AS tens of thousands of gamers across the north settle into a wet weekend of indoor action on the likes of Call of Duty, World of Warcraft and Candy Crush, a resolution to the biggest technology merger in history may be edging closer.

Microsoft has offered $95 per share - a total of $69 billion (£54 billion) - to buy video game developer and Candy Crush owner Activision Blizzard and give it vital entry into the mobile gaming market.

Merging the two companies would give Microsoft, which owns the Xbox gaming console, complete control over popular video game franchises like Call of Duty, World of Warcraft and Overwatch.

But regulators say the merger comes at a time when concentration among technology companies is already threatening the competitive balance of the economy and in some cases even political systems.

They've taken issue mainly because they fear if Microsoft it would become too dominant in the gaming market and this could ultimately limit choice for consumers.

The UK competition watchdog the Competition and Markets Authority (CMA) has said it will decide whether to clear or block Microsoft’s takeover by August 29.

In April the CMA indicated that it would block the deal and is seeking public contributions on whether it should clear it after a new submission from Microsoft.

Instead of offering further concessions, Microsoft is arguing that the EU’s decision in May to clear the deal, as well as a recent games licensing deal with arch-rival Sony, represents a fundamental change to the circumstances around the transaction and there are now “special reasons” for not blocking it.

In its submission Microsoft said: “We consider that it is clear that there are material changes in circumstance and special reasons under the Enterprise Act which mean that the CMA should not adopt the draft order prohibiting the merger”.

The Enterprise Act contains a provision that allows the CMA to alter its final order – which in this case was heading towards a block – if there has been a “material change in circumstances” since it reached its published decision.

The CMA decided to hold a consultation on Microsoft’s new argument after guidance from the Competition Appeal Tribunal, an official body that hears appeals on the watchdog’s decisions.

A CMA spokesman said: “Microsoft has submitted a document detailing why it believes there are material changes of circumstance and/or special reasons why the CMA should not impose a final order to prohibit the merger.

“Submissions of this nature are possible but are very rare. We will consider Microsoft’s submissions carefully, along with other responses from interested parties, ahead of the August 29 statutory deadline.”

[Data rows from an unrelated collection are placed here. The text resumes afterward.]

(* Let $s\ge 1$, $r\ge 1$, let $n_1,\ldots,n_r\ge 1$ be integers, and let $\sigma_1,\ldots,\sigma_r$ be semi-characters each of which is a finite product (possibly empty, giving the trivial semi-character $\boldsymbol{1}$) of the maps $\chi_{t_1},\ldots,\chi_{t_s}$. Then the multiple zeta value $$\zeta_C\begin{pmatrix}\sigma_1&\cdots&\sigma_r\\ n_1&\cdots&n_r\end{pmatrix}$$ belongs to the Tate algebra $\mathbb{T}_s$, and the function it defines on $\{(z_1,\ldots,z_s)\in\mathbb{C}_\infty^s:|z_i|\le 1\}$ extends to an entire function $\mathbb{C}_\infty^s\to\mathbb{C}_\infty$ (i.e. it is given by a power series in $t_1,\ldots,t_s$ with coefficients in $\mathbb{C}_\infty$ converging on all of $\mathbb{C}_\infty^s$).
   Context: $q$ is a power of a prime $p$, $A=\mathbb{F}_q[\theta]$, $K=\mathbb{F}_q(\theta)$, $K_\infty=\mathbb{F}_q((1/\theta))$, $\mathbb{C}_\infty$ the completion of an algebraic closure of $K_\infty$ with absolute value $|\cdot|$ normalized by $|\theta|=q$. $A^+$ is the set of monic polynomials of $A$ and $A^+(d)$ those of degree $d$. $t_1,\ldots,t_s$ are indeterminates; for $a\in A$, $a(t_i)$ denotes the polynomial obtained by replacing $\theta$ by $t_i$, and $\chi_{t_i}:A^+\to\mathbb{F}_q[t_1,\ldots,t_s]$, $a\mapsto a(t_i)$. A semi-character is a multiplicative monoid map from $A^+$; products of semi-characters are taken pointwise. $\mathbb{T}_s$ is the Tate algebra: formal power series in $t_1,\ldots,t_s$ with coefficients in $\mathbb{C}_\infty$ tending to $0$, with the Gauss norm. For a semi-character $\sigma$ and integers $n,d\ge0$, $S_d(n;\sigma)=\sum_{a\in A^+(d)}a^{-n}\sigma(a)$, and $$S_d\begin{pmatrix}\sigma_1&\cdots&\sigma_r\\ n_1&\cdots&n_r\end{pmatrix}=S_d(n_1;\sigma_1)\sum_{d>i_2>\cdots>i_r\ge0}S_{i_2}(n_2;\sigma_2)\cdots S_{i_r}(n_r;\sigma_r),$$ $$\zeta_C\begin{pmatrix}\sigma_1&\cdots&\sigma_r\\ n_1&\cdots&n_r\end{pmatrix}=\sum_{d\ge0}S_d\begin{pmatrix}\sigma_1&\cdots&\sigma_r\\ n_1&\cdots&n_r\end{pmatrix}.$$ *)

theory Defs
  imports "HOL-Computational_Algebra.Computational_Algebra"
begin

text \<open>
  F_q is a finite field type 'a, q = CARD('a).
  A = F_q[theta] is 'a poly.  K_infinity = F_q((1/theta)) is realised as the
  formal Laurent series 'a fls in the variable X = 1/theta, so theta = fls_X_inv.
  The absolute value is |f| = q^(- subdegree_X f), so that |theta| = q.
  Since all coefficients (in t_1..t_s) of the multiple zeta value lie in K_infinity,
  (a closed subfield of C_infinity on which the absolute value restricts), the
  series is represented by its coefficient function on multi-indices.
\<close>

definition Kinf_of_poly :: "'a::field poly \<Rightarrow> 'a fls" where
  "Kinf_of_poly a = (\<Sum>i\<le>degree a. fls_const (coeff a i) * fls_X_inv ^ i)"

definition absK :: "'a::{finite,field} fls \<Rightarrow> real" where
  "absK f = (if f = 0 then 0 else real (card (UNIV :: 'a set)) powr (- real_of_int (fls_subdegree f)))"

definition monics :: "nat \<Rightarrow> 'a::field poly set" where
  "monics d = {a. lead_coeff a = 1 \<and> degree a = d}"

text \<open>Multi-indices for monomials in t_0, ..., t_(s-1).\<close>
definition Idx :: "nat \<Rightarrow> (nat \<Rightarrow> nat) set" where
  "Idx s = {\<alpha>. \<forall>i\<ge>s. \<alpha> i = 0}"

definition mdeg :: "nat \<Rightarrow> (nat \<Rightarrow> nat) \<Rightarrow> nat" where
  "mdeg s \<alpha> = (\<Sum>i<s. \<alpha> i)"

text \<open>
  The semi-character sigma_j (j < r) is the product prod_(i<s) chi_(t_i)^(m j i),
  i.e. sigma_j(a) = prod_(i<s) a(t_i)^(m j i); m j i = 0 for all i gives the trivial one.
  For a tuple (a_0,...,a_(r-1)) of monic polynomials, the product
  prod_j sigma_j(a_j) = prod_(i<s) P_i(t_i) with P_i = prod_j a_j^(m j i),
  hence its coefficient of t^alpha is prod_(i<s) coeff P_i (alpha i).
\<close>
definition char_coeff ::
  "nat \<Rightarrow> nat \<Rightarrow> (nat \<Rightarrow> nat \<Rightarrow> nat) \<Rightarrow> (nat \<Rightarrow> 'a::field poly) \<Rightarrow> (nat \<Rightarrow> nat) \<Rightarrow> 'a" where
  "char_coeff s r m as \<alpha> = (\<Prod>i<s. coeff (\<Prod>j<r. (as j) ^ (m j i)) (\<alpha> i))"

text \<open>
  Tuples (a_0,...,a_(r-1)) of monic polynomials with deg a_0 = d > deg a_1 > ... > deg a_(r-1)
  (indices shifted by one w.r.t. the paper: a_0 here is the paper's a_1).
\<close>
definition tuples :: "nat \<Rightarrow> nat \<Rightarrow> (nat \<Rightarrow> 'a::field poly) set" where
  "tuples r d = {as \<in> {..<r} \<rightarrow>\<^sub>E {a. lead_coeff a = 1}.
      degree (as 0) = d \<and> (\<forall>j. Suc j < r \<longrightarrow> degree (as (Suc j)) < degree (as j))}"
lemma dual_code_systematic:
  assumes "finite_subfield (subfield_Fq q :: 'a set)"
    and "\<And>r j. r < k \<Longrightarrow> j < n \<Longrightarrow> A r j \<in> subfield_Fq q"
  shows "dual_code q (k + n) (gen_code q k (k + n) (systematic_matrix k A)) =
     parity_word k n A ` words q n"
proof (rule set_eqI)
  interpret finite_subfield "subfield_Fq q :: 'a set" by (rule assms(1))
  fix v
  have "v \<in> words q (k + n) \<and> (\<forall>r<k. v r + (\<Sum>j<n. A r j * v (k + j)) = 0) \<longleftrightarrow>
      v \<in> parity_word k n A ` words q n"
  proof
    assume v: "v \<in> words q (k + n) \<and> (\<forall>r<k. v r + (\<Sum>j<n. A r j * v (k + j)) = 0)"
    define w where "w j = (if j < n then v (k + j) else 0)" for j
    have "w \<in> words q n" using v by (simp add: w_def words_def)
    moreover have "parity_word k n A w = v"
    proof
      fix i show "parity_word k n A w i = v i"
      proof (cases "i < k")
        case True
        hence "v i = - (\<Sum>j<n. A i j * v (k + j))" using v by (simp add: eq_neg_iff_add_eq_0)
        thus ?thesis using True by (simp add: parity_word_def w_def)
      qed (use v in \<open>auto simp: parity_word_def w_def words_def\<close>)
    qed
    ultimately show "v \<in> parity_word k n A ` words q n" by blast
  next
    assume "v \<in> parity_word k n A ` words q n"
    then obtain w where "w \<in> words q n" "v = parity_word k n A w" by blast
    thus "v \<in> words q (k + n) \<and> (\<forall>r<k. v r + (\<Sum>j<n. A r j * v (k + j)) = 0)"
      using assms(2) by (auto simp: words_def parity_word_def intro!: closure)
  qed
  thus "v \<in> dual_code q (k + n) (gen_code q k (k + n) (systematic_matrix k A)) \<longleftrightarrow>
      v \<in> parity_word k n A ` words q n"
    by (simp add: dual_code_systematic_iff[OF assms(1)])
qed

lemma parity_word_parity: "j < n \<Longrightarrow> parity_word k n A w (k + j) = w j"
  by (simp add: parity_word_def)

lemma weight_parity_word:
  "weight (k + n) (parity_word k n A w) =
     card {r. r < k \<and> (\<Sum>j<n. A r j * w j) \<noteq> 0} + card {j. j < n \<and> w j \<noteq> 0}"
  unfolding weight_add_blocks by (simp add: parity_word_def cong: conj_cong)

lemma card_dual_code_systematic:
  assumes "finite_subfield (subfield_Fq q :: 'a set)"
    and "\<And>r j. r < k \<Longrightarrow> j < n \<Longrightarrow> A r j \<in> subfield_Fq q"
  shows "card (dual_code q (k + n) (gen_code q k (k + n) (systematic_matrix k A))) =
     card (subfield_Fq q :: 'a set) ^ n"
proof -
  have "inj_on (parity_word k n A) (words q n)"
  proof (rule inj_onI)
    fix w w' assume w: "w \<in> words q n" and w': "w' \<in> words q n"
      and eq: "parity_word k n A w = parity_word k n A w'"
    show "w = w'"
    proof
      fix j show "w j = w' j"
      proof (cases "j < n")
        case True
        thus ?thesis using arg_cong[OF eq, of "\<lambda>v. v (k + j)"] by (simp add: parity_word_parity)
      qed (use w w' in \<open>simp add: words_def\<close>)
    qed
  qed
  thus ?thesis
    using assms by (simp add: dual_code_systematic card_image card_words)
qed

lemma weight_parity_word_ge_2:
  assumes "\<And>j. j < n \<Longrightarrow> \<exists>r<k. A r j \<noteq> 0" and "j0 < n" "w j0 \<noteq> 0"
  shows "2 \<le> weight (k + n) (parity_word k n A w)"
proof (cases "\<exists>j1<n. j1 \<noteq> j0 \<and> w j1 \<noteq> 0")
  case True
  then obtain j1 where "j1 < n" "j1 \<noteq> j0" "w j1 \<noteq> 0" by blast
  hence "{j0, j1} \<subseteq> {j. j < n \<and> w j \<noteq> 0}" using assms by auto
  hence "card {j0, j1} \<le> card {j. j < n \<and> w j \<noteq> 0}" by (intro card_mono) auto
  hence "2 \<le> card {j. j < n \<and> w j \<noteq> 0}" using \<open>j1 \<noteq> j0\<close> by simp
  thus ?thesis by (simp add: weight_parity_word)
next
  case False
  obtain r where r: "r < k" "A r j0 \<noteq> 0" using assms by blast
  have "(\<Sum>j<n. A r j * w j) = (\<Sum>j<n. if j = j0 then A r j0 * w j0 else 0)"
    by (rule sum.cong) (use False in auto)
  also have "\<dots> = A r j0 * w j0" using assms(2) by simp
  finally have "r \<in> {r. r < k \<and> (\<Sum>j<n. A r j * w j) \<noteq> 0}" using r assms(3) by simp
  hence "card {r. r < k \<and> (\<Sum>j<n. A r j * w j) \<noteq> 0} > 0"
    by (auto simp: card_gt_0_iff)
  moreover have "j0 \<in> {j. j < n \<and> w j \<noteq> 0}" using assms by simp
  hence "card {j. j < n \<and> w j \<noteq> 0} > 0"
    by (auto simp: card_gt_0_iff)
  ultimately show ?thesis by (simp add: weight_parity_word)
qed

end

section \<open>The field \<open>F\<close> with \<open>q\<^sup>m\<close> elements over its subfield \<open>K\<close> with \<open>q\<close> elements\<close>

locale odd_field_extension =
  fixes p e q m :: nat and \<alpha> :: "'a :: {finite, field}"
  assumes prime_p: "prime p" and odd_p: "odd p" and e_pos: "e \<ge> 1" and q_def: "q = p ^ e"
    and card_field: "card (UNIV :: 'a set) = q ^ m"
    and primitive: "\<forall>y :: 'a. y \<noteq> 0 \<longrightarrow> (\<exists>k :: nat. y = \<alpha> ^ k)"
begin

abbreviation K :: "'a set" where "K \<equiv> subfield_Fq q"
abbreviation Tr :: "'a \<Rightarrow> 'a" where "Tr \<equiv> trace q m"

lemma CHAR_eq: "CHAR('a) = p"
  using CHAR_eq_of_card_prime_power[OF prime_p, of "e * m"] card_field q_def
  by (simp add: power_mult)

lemma prime_CHAR: "prime CHAR('a)"
  by (simp add: CHAR_eq prime_p)

lemma q_CHAR_power: "q = CHAR('a) ^ e"
  by (simp add: CHAR_eq q_def)

lemma p_ge_3: "p \<ge> 3"
  using prime_ge_2_nat[OF prime_p] odd_p by presburger

lemma q_ge_3: "q \<ge> 3"
proof -
  have "p ^ 1 \<le> p ^ e" using e_pos p_ge_3 by (intro power_increasing) auto
  thus ?thesis using p_ge_3 q_def by simp
qed

lemma odd_q: "odd q"
  using odd_p q_def by simp

lemma two_neq_zero: "(2 :: 'a) \<noteq> 0"
proof
  assume "(2 :: 'a) = 0"
  hence "p dvd 2" using of_nat_eq_0_iff_char_dvd[of 2, where 'a = 'a] CHAR_eq by simp
  thus False using p_ge_3 by (auto dest: dvd_imp_le)
qed

lemma four_neq_zero: "(4 :: 'a) \<noteq> 0"
proof -
  have "(2 :: 'a) * 2 \<noteq> 0" by (rule no_zero_divisors[OF two_neq_zero two_neq_zero])
  thus ?thesis by simp
qed

lemma m_pos: "m > 0"
proof (rule ccontr)
  assume "\<not> m > 0"
  hence "card (UNIV :: 'a set) = 1" using card_field by simp
  moreover have "card {0, 1 :: 'a} \<le> card (UNIV :: 'a set)" by (rule card_mono) simp_all
  ultimately show False by simp
qed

The CMA’s core objection to Microsoft’s takeover of a leading video game publisher has been that it would affect competition in the market for cloud gaming, which allows users to stream games stored on remote servers on to their devices.

But Microsoft said it had already improved competition in the cloud gaming market by striking agreements with the cloud gaming services NVidia, Boosteroid and Ubitus, allowing them to license Activision games for a decade after the deal is completed.

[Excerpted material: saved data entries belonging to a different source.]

(* Let $(X_1,X_2)$ be a preliminary and a primary test statistic for one-sided hypotheses, with (continuous, strictly increasing) marginal CDFs $F_{0;X_1}$ and $F_{0;X_2}$ under the true null. Assume the classical errors-in-variables model $\widetilde X_1=X_1+\eta$, where $\eta$ is independent of $(X_1,X_2)$, and the probability density function of $X_1$ under the true null and the probability density function of $\eta$ are both symmetric with respect to $0$. Set $(p_1,p_2)=(F_{0;X_1}(X_1),F_{0;X_2}(X_2))$ and $\tilde p_1=F_{0;X_1}(\widetilde X_1)$ for left-sided hypotheses, or $(p_1,p_2)=(1-F_{0;X_1}(X_1),1-F_{0;X_2}(X_2))$ and $\tilde p_1=1-F_{0;X_1}(\widetilde X_1)$ for right-sided hypotheses. If the joint probability density function of $(p_1,p_2)$ under the true null is centrally symmetric with respect to $(1/2,1/2)$, i.e. $f_0(p_1,p_2)=f_0(1-p_1,1-p_2)$, then the joint probability density function of $(\tilde p_1,p_2)$ under the true null is also centrally symmetric with respect to $(1/2,1/2)$. *)

theory Defs
  imports "HOL-Probability.Probability"
begin

definition pval :: "bool \<Rightarrow> (real \<Rightarrow> real) \<Rightarrow> real \<Rightarrow> real" where
  "pval left F x = (if left then F x else 1 - F x)"

end

theory Submission
  imports Defs
begin

(*
  Symmetry of the density of X1 gives F1 (-x) = 1 - F1 x, so the p-value map u = pval left F1
  satisfies u (-x) = 1 - u x. As u has a measurable left inverse, central symmetry of the law of
  (u X1, p2) becomes invariance of the law of (X1, p2) under (x, z) \<mapsto> (-x, 1 - z). The noise eta is
  symmetric and independent of (X1, p2), so the law of (eta, X1, p2) is invariant under
  (e, x, z) \<mapsto> (-e, -x, 1 - z), and this map is carried by (e, x, z) \<mapsto> (u (x + e), z) to the central
  reflection. Hence the law of (u (X1 + eta), p2) is centrally symmetric, and so is its density
  almost everywhere.
*)

lemma measurable_left_inverse_strict_mono:
  fixes F :: "real \<Rightarrow> real"
  assumes "continuous_on UNIV F" "strict_mono F"
  obtains G where "G \<in> borel_measurable borel" "\<And>x. G (F x) = x"
proof
  define G where "G y = (if y \<in> range F then inv F y else 0)" for y
  have "inj F" using assms(2) strict_mono_imp_inj_on by blast
  then show GF: "G (F x) = x" for x by (simp add: G_def)
  have "connected (range F)" using connected_continuous_image[OF assms(1) connected_UNIV] .
  then have "range F \<in> sets borel"
    by (intro real_interval_borel_measurable) (simp add: is_interval_connected_1)
  moreover have "mono_on (range F) G"
  proof (rule mono_onI)
    fix r s assume "r \<in> range F" "s \<in> range F" "r \<le> s"
    then obtain a b where "r = F a" "s = F b" by auto
    with \<open>r \<le> s\<close> show "G r \<le> G s" using GF assms(2) by (simp add: strict_mono_less_eq)
  qed
  moreover have "mono_on (- range F) G" by (rule mono_onI) (simp add: G_def)
  ultimately show "G \<in> borel_measurable borel"
    by (intro borel_measurable_piecewise_mono[of "{range F, - range F}"]) auto
qed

Microsoft also said any breach of its commitments would mean European approval would no longer be valid and put it at risk of fines of up to 10 per cent of its worldwide turnover, which would amount to $19.8bn if based on its 2022 turnover.

Its deal with Sony to keep Call of Duty on its rival PlayStation console for a decade was also significant in terms of the impact of the Activision deal and “addresses the primary concern of the most outspoken opponent of the merger”, Microsoft said.

The CMA’s US equivalent, the Federal Trade Commission, is also seeking to block the deal but failed recently in a bid to secure an injunction against the transaction.